I have given up more than one dream job that would have put me at the apex of my career potential because of love.
An apex that the vast majority in my field would have given blood or limbs just for the opportunity to try for.

There was no hesitation in my refusal nor is there any regret but there was a bit of sadness directly confronting the fact that I had limited myself to this boundary, that I would never go farther than where I am now.

Was a fair price to pay in my mind.


----------



## Mr.D.E.B.T. (Jul 19, 2012)

tacoma said:


> Love shouldn't cost your more than it s healthy for you to bear either emotionally or financially.
> 
> Was a fair price to pay in my mind.


Tacoma, I totally agree and am glad your sacrifices were well worth it. I have also passed up a few great professional opportunities for the sake of my family, and don't regret it one bit. Still, like you I realize that everyone has different limits, and am curious to hear what they are.


----------



## honcho (Oct 5, 2013)

It’s an impossible question to answer. No one can predict once in a relationship, job opportunities, if someone gets sick, kids the list goes on and on. 

I am an overachiever in my field. I have more success in my career than I thought I would and I owe it be getting married. I wanted to succeed; I wanted to provide for a family to the best of my abilities. I wouldn’t be here today in the position that I am in had it not been for that. I had other job opportunities that I passed on over the years but there was no guarantee those would have worked had I taken the chance. 

My marriage is in divorce and my success will cost me financially. If you’re worried that much about the financial loss or impact of love then don’t fall in love. Like most things until you are actually faced with the decision for real at that moment in time it’s impossible to answer.


----------



## Mr.D.E.B.T. (Jul 19, 2012)

honcho said:


> It’s an impossible question to answer. No one can predict once in a relationship, job opportunities, if someone gets sick, kids the list goes on and on.
> 
> I am an overachiever in my field. I have more success in my career than I thought I would and I owe it be getting married.

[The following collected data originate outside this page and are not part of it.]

(* Let $R$ be a bounded distributive lattice, regarded as a commutative semiring with addition the join, multiplication the meet, $0$ the bottom and $1$ the top element. Then $\mathsf{Kl}(D_R)$ is a causal Markov category.
   Context: The Markov category $\mathsf{Kl}(D_R)$ has sets as objects; a morphism $f\colon A\to X$ assigns to each $a\in A$ a finitely supported function $f(\cdot\mid a)\colon X\to R$ with $\sum_x f(x\mid a)=1$; composition $(g\circ f)(y\mid a)=\sum_x g(y\mid x)f(x\mid a)$; tensor product is the cartesian product with $(f\otimes g)(x,y\mid a,b)=f(x\mid a)g(y\mid b)$; $\mathrm{copy}_X(x_1,x_2\mid x)=\delta_x(x_1)\delta_x(x_2)$; $\mathrm{del}_X$ is the unique morphism to the singleton. A Markov category is causal if for all $f\colon A\to W$, $g\colon W\to X$, $h_1,h_2\colon X\to Y$ with $(\mathrm{id}_X\otimes h_1)\circ\mathrm{copy}_X\circ g\circ f=(\mathrm{id}_X\otimes h_2)\circ\mathrm{copy}_X\circ g\circ f$, also $\big(\mathrm{id}_W\otimes((\mathrm{id}_X\otimes h_1)\circ\mathrm{copy}_X\circ g)\big)\circ\mathrm{copy}_W\circ f=\big(\mathrm{id}_W\otimes((\mathrm{id}_X\otimes h_2)\circ\mathrm{copy}_X\circ g)\big)\circ\mathrm{copy}_W\circ f$. *)

theory Defs
  imports Main
begin

text \<open>Objects are (nonempty) types; a morphism A -> X is a function f :: 'a => 'x => 'r,
where f a x stands for f(x | a).\<close>

definition lsum :: "('a \<Rightarrow> 'r::{distrib_lattice,bounded_lattice}) \<Rightarrow> 'a set \<Rightarrow> 'r" where
  "lsum f S = Finite_Set.fold (\<lambda>x acc. sup (f x) acc) bot S"

definition supp :: "('x \<Rightarrow> 'r::{distrib_lattice,bounded_lattice}) \<Rightarrow> 'x set" where
  "supp p = {x. p x \<noteq> bot}"

definition kmor :: "('a \<Rightarrow> 'x \<Rightarrow> 'r::{distrib_lattice,bounded_lattice}) \<Rightarrow> bool" where
  "kmor f \<longleftrightarrow> (\<forall>a. finite (supp (f a)) \<and> lsum (f a) (supp (f a)) = top)"

definition kcomp :: "('x \<Rightarrow> 'y \<Rightarrow> 'r::{distrib_lattice,bounded_lattice}) \<Rightarrow> ('a \<Rightarrow> 'x \<Rightarrow> 'r) \<Rightarrow> 'a \<Rightarrow> 'y \<Rightarrow> 'r" where
  "kcomp g f = (\<lambda>a y. lsum (\<lambda>x. inf (g x y) (f a x)) (supp (f a)))"

definition ktensor :: "('a \<Rightarrow> 'x \<Rightarrow> 'r::{distrib_lattice,bounded_lattice}) \<Rightarrow> ('b \<Rightarrow> 'y \<Rightarrow> 'r)
    \<Rightarrow> ('a \<times> 'b) \<Rightarrow> ('x \<times> 'y) \<Rightarrow> 'r" where
  "ktensor f g = (\<lambda>(a, b) (x, y). inf (f a x) (g b y))"

definition kid :: "'x \<Rightarrow> 'x \<Rightarrow> 'r::{distrib_lattice,bounded_lattice}" where
  "kid = (\<lambda>a x. if x = a then top else bot)"

definition kcopy :: "'x \<Rightarrow> ('x \<times> 'x) \<Rightarrow> 'r::{distrib_lattice,bounded_lattice}" where
  "kcopy = (\<lambda>x (x1, x2). if x1 = x \<and> x2 = x then top else bot)"

end

theory Submission
  imports Defs
begin

(* For a kernel p, the composite (id \<otimes> h) \<circ> copy \<circ> p has weight inf (h x y) (p a x) at (x, y).
   So the hypothesis says that h1 x y and h2 x y have the same meet with (g \<circ> f)(x | a), while
   the conclusion asks the same for their meets with inf (g w x) (f a w).  The latter is one of
   the joinands of (g \<circ> f)(x | a), hence below it, and equality of meets with an element passes
   to every smaller element. *)

lemma comp_fun_commute_on_lsum:
  "comp_fun_commute_on UNIV (\<lambda>x acc. sup ((f::'a \<Rightarrow> 'r::{distrib_lattice,bounded_lattice}) x) acc)"
  by unfold_locales (auto simp: fun_eq_iff sup_left_commute)

lemma lsum_empty [simp]: "lsum f {} = bot"
  by (simp add: lsum_def)

lemma lsum_insert:
  "finite S \<Longrightarrow> x \<notin> S \<Longrightarrow> lsum f (insert x S) = sup (f x) (lsum f S)"
  unfolding lsum_def by (simp add: comp_fun_commute_on.fold_insert[OF comp_fun_commute_on_lsum])

lemma lsum_le_iff: "finite S \<Longrightarrow> lsum f S \<le> z \<longleftrightarrow> (\<forall>x\<in>S. f x \<le> z)"
  by (induction S rule: finite_induct) (auto simp: lsum_insert)

lemma lsum_upper: "finite S \<Longrightarrow> x \<in> S \<Longrightarrow> f x \<le> lsum f S"
  using lsum_le_iff by blast

lemma lsum_eq_single:
  assumes "finite S" and "\<And>x. x \<in> S \<Longrightarrow> x \<noteq> u \<Longrightarrow> f x = bot"
  shows "lsum f S = (if u \<in> S then f u else bot)"
proof (rule antisym)
  have "f x \<le> (if u \<in> S then f u else bot)" if "x \<in> S" for x
    using that assms(2)[OF that] by (cases "x = u") auto
  then show "lsum f S \<le> (if u \<in> S then f u else bot)"
    using assms(1) by (simp add: lsum_le_iff)
  show "(if u \<in> S then f u else bot) \<le> lsum f S"
    using lsum_upper[OF assms(1)] by auto
qed

lemma inf_le_kcomp:
  assumes "finite (supp (f a))"
  shows "inf (g w x) (f a w) \<le> kcomp g f a x"
proof (cases "w \<in> supp (f a)")
  case True
  then show ?thesis
    unfolding kcomp_def using lsum_upper[OF assms True, of "\<lambda>w. inf (g w x) (f a w)"] by simp
qed (simp add: supp_def)

lemma finite_supp_kcomp:
  assumes "finite (supp (f a))" and "\<And>w. finite (supp (g w))"
  shows "finite (supp (kcomp g f a))"
proof -
  have "supp (kcomp g f a) \<subseteq> (\<Union>w\<in>supp (f a). supp (g w))"
  proof
    fix x assume "x \<in> supp (kcomp g f a)"
    then have "\<not> kcomp g f a x \<le> bot"
      by (simp add: supp_def bot_unique)
    then show "x \<in> (\<Union>w\<in>supp (f a). supp (g w))"
      unfolding kcomp_def using assms(1) by (auto simp: lsum_le_iff supp_def)
  qed
  then show ?thesis
    using assms by (auto intro: finite_subset)
qed

lemma kcomp_kcopy_apply:
  assumes "finite (supp (p a))"
  shows "kcomp kcopy p a (x1, x2) = (if x1 = x2 then p a x1 else bot)"
  unfolding kcomp_def
  by (subst lsum_eq_single[OF assms, where u = x1]) (auto simp: kcopy_def supp_def)

lemma finite_supp_kcomp_kcopy:
  assumes "finite (supp (p a))"
  shows "finite (supp (kcomp kcopy p a))"
proof -
  have "supp (kcomp kcopy p a) \<subseteq> (\<lambda>x. (x, x)) ` supp (p a)"
    by (auto simp: supp_def kcomp_kcopy_apply[of p a, OF assms] split: if_splits)
  then show ?thesis
    using assms finite_subset by blast
qed

lemma kcomp_ktensor_kid_kcopy_apply:
  assumes "finite (supp (p a))"
  shows "kcomp (ktensor kid h) (kcomp kcopy p) a (x, y) = inf (h x y) (p a x)"
  unfolding kcomp_def[of "ktensor kid h"]
  by (subst lsum_eq_single[OF finite_supp_kcomp_kcopy[of p a, OF assms], where u = "(x, x)"])
    (auto simp: kcomp_kcopy_apply[of p a, OF assms] kid_def ktensor_def supp_def split: if_splits)

lemma inf_eq_below:
  fixes u v :: "'a::lattice"
  assumes "inf u c = inf v c" and "d \<le> c"
  shows "inf u d = inf v d"
proof -
  have "inf u d = inf (inf u c) d"
    using assms(2) by (simp add: inf_assoc inf_absorb2)
  also have "\<dots> = inf v d"
    using assms by (simp add: inf_assoc inf_absorb2)
  finally show ?thesis .
qed

theorem proposition2p23:
  fixes f :: "'a \<Rightarrow> 'w \<Rightarrow> 'r::{distrib_lattice,bounded_lattice}"
    and g :: "'w \<Rightarrow> 'x \<Rightarrow> 'r"
    and h1 h2 :: "'x \<Rightarrow> 'y \<Rightarrow> 'r"
  assumes "kmor f" and "kmor g" and "kmor h1" and "kmor h2"
    and "kcomp (ktensor kid h1) (kcomp kcopy (kcomp g f))
         = kcomp (ktensor kid h2) (kcomp kcopy (kcomp g f))"
  shows "kcomp (ktensor kid (kcomp (ktensor kid h1) (kcomp kcopy g))) (kcomp kcopy f)
       = kcomp (ktensor kid (kcomp (ktensor kid h2) (kcomp kcopy g))) (kcomp kcopy f)"
proof (intro ext)
  fix a and z :: "'w \<times> 'x \<times> 'y"
  obtain w x y where z: "z = (w, x, y)"
    by (cases z) auto
  have f_fin: "\<And>a. finite (supp (f a))" and g_fin: "\<And>w. finite (supp (g w))"
    using assms(1,2) by (auto simp: kmor_def)
  have "inf (h1 x y) (kcomp g f a x) = inf (h2 x y) (kcomp g f a x)"
    using fun_cong[OF fun_cong[OF assms(5), of a], of "(x, y)"]
    by (simp add: kcomp_ktensor_kid_kcopy_apply finite_supp_kcomp f_fin g_fin)
  then have "inf (h1 x y) (inf (g w x) (f a w)) = inf (h2 x y) (inf (g w x) (f a w))"
    by (rule inf_eq_below) (rule inf_le_kcomp[OF f_fin])
  then show "kcomp (ktensor kid (kcomp (ktensor kid h1) (kcomp kcopy g))) (kcomp kcopy f) a z
           = kcomp (ktensor kid (kcomp (ktensor kid h2) (kcomp kcopy g))) (kcomp kcopy f) a z"
    by (simp add: z kcomp_ktensor_kid_kcopy_apply f_fin g_fin inf_assoc)
qed

end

I wanted to succeed; I wanted to provide for a family to the best of my abilities. I wouldn’t be here today in the position that I am in had it not been for that. I had other job opportunities that I passed on over the years but there was no guarantee those would have worked had I taken the chance.
> 
> My marriage is in divorce and my success will cost me financially. If you’re worried that much about the financial loss or impact of love then don’t fall in love. Like most things until you are actually faced with the decision for real at that moment in time it’s impossible to answer.


While I agree that most people don't know how much they would give up for their marriage, some have predetermined limits in their minds. It's the same as saying if my spouse cheats on me I'm leaving. They have set conditions on their marriage before anthing actually happens. How will they react if it really happens, nobody knows, but that doesn't mean people don't have limits in their mind. Heck, just read through some of the reply's to post on this board and you will find people sharing their limits.
_Posted via Mobile Device_


----------



## Holland (Aug 20, 2012)

I am a big believer in being with a financial equal. When young couples start out it is easier because often they both have little in the way of assets and grow their assets together.

The bigger issue IMHO is later in life and in second marriages. I am a woman that has considerable assets and no emotion in that regard. It is simple for me, the only man I would consider for a LTR or marriage is one that is a financial equal.
I think that later in life if people hook up with a new partner that does not have similar assets they are being foolish.


----------



## jorgegene (May 26, 2012)

I got into major debt with my first wife who was on disability and didn't work. I was the bread winner but underemployed. 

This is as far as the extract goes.